## Exercise aim
Nothing should be left out when you copy the entries below.

»»

lemma test_fun_bounded_support: "test_fun f \<Longrightarrow> bounded {x. f x \<noteq> 0}"
  unfolding test_fun_def
  by (metis bounded_subset closure_subset compact_imp_bounded)

lemma SKG_solution_domW: "SKG_solution V m chi u z \<Longrightarrow> domW m (z t)"
  unfolding SKG_solution_def by simp

lemma SKG_solution_rotated_eq_initial_off_support:
  assumes "SKG_solution V m chi u z"
  shows "AE k in lborel. chi k = 0 \<longrightarrow> exp (\<i> * of_real (t * omega m k)) * z t k = z 0 k"
proof -
  have "AE k in lborel.
      z t k = exp (- \<i> * of_real (t * omega m k)) * z 0 k
        - \<i> * (LBINT s=0..t. exp (- \<i> * of_real ((t - s) * omega m k))
               * of_real (omega m k powr (-1/2)) * chi k
               * fourier (\<lambda>x. of_real ((cmod (u s x))\<^sup>2)) k)"
    using assms unfolding SKG_solution_def by blast
  then show ?thesis
    by eventually_elim (simp add: exp_minus_inverse mult.assoc[symmetric] exp_add[symmetric])
qed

««

## Answer section
lemma test_fun_bounded_support: "test_fun f \<Longrightarrow> bounded {x. f x \<noteq> 0}"
  unfolding test_fun_def
  by (metis bounded_subset closure_subset compact_imp_bounded)

lemma SKG_solution_domW: "SKG_solution V m chi u z \<Longrightarrow> domW m (z t)"
  unfolding SKG_solution_def by simp

lemma SKG_solution_rotated_eq_initial_off_support:
  assumes "SKG_solution V m chi u z"
  shows "AE k in lborel. chi k = 0 \<longrightarrow> exp (\<i> * of_real (t * omega m k)) * z t k = z 0 k"
proof -
  have "AE k in lborel.
      z t k = exp (- \<i> * of_real (t * omega m k)) * z 0 k
        - \<i> * (LBINT s=0..t. exp (- \<i> * of_real ((t - s) * omega m k))
               * of_real (omega m k powr (-1/2)) * chi k
               * fourier (\<lambda>x. of_real ((cmod (u s x))\<^sup>2)) k)"
    using assms unfolding SKG_solution_def by blast
  then show ?thesis
    by eventually_elim (simp add: exp_minus_inverse mult.assoc[symmetric] exp_add[symmetric])
qed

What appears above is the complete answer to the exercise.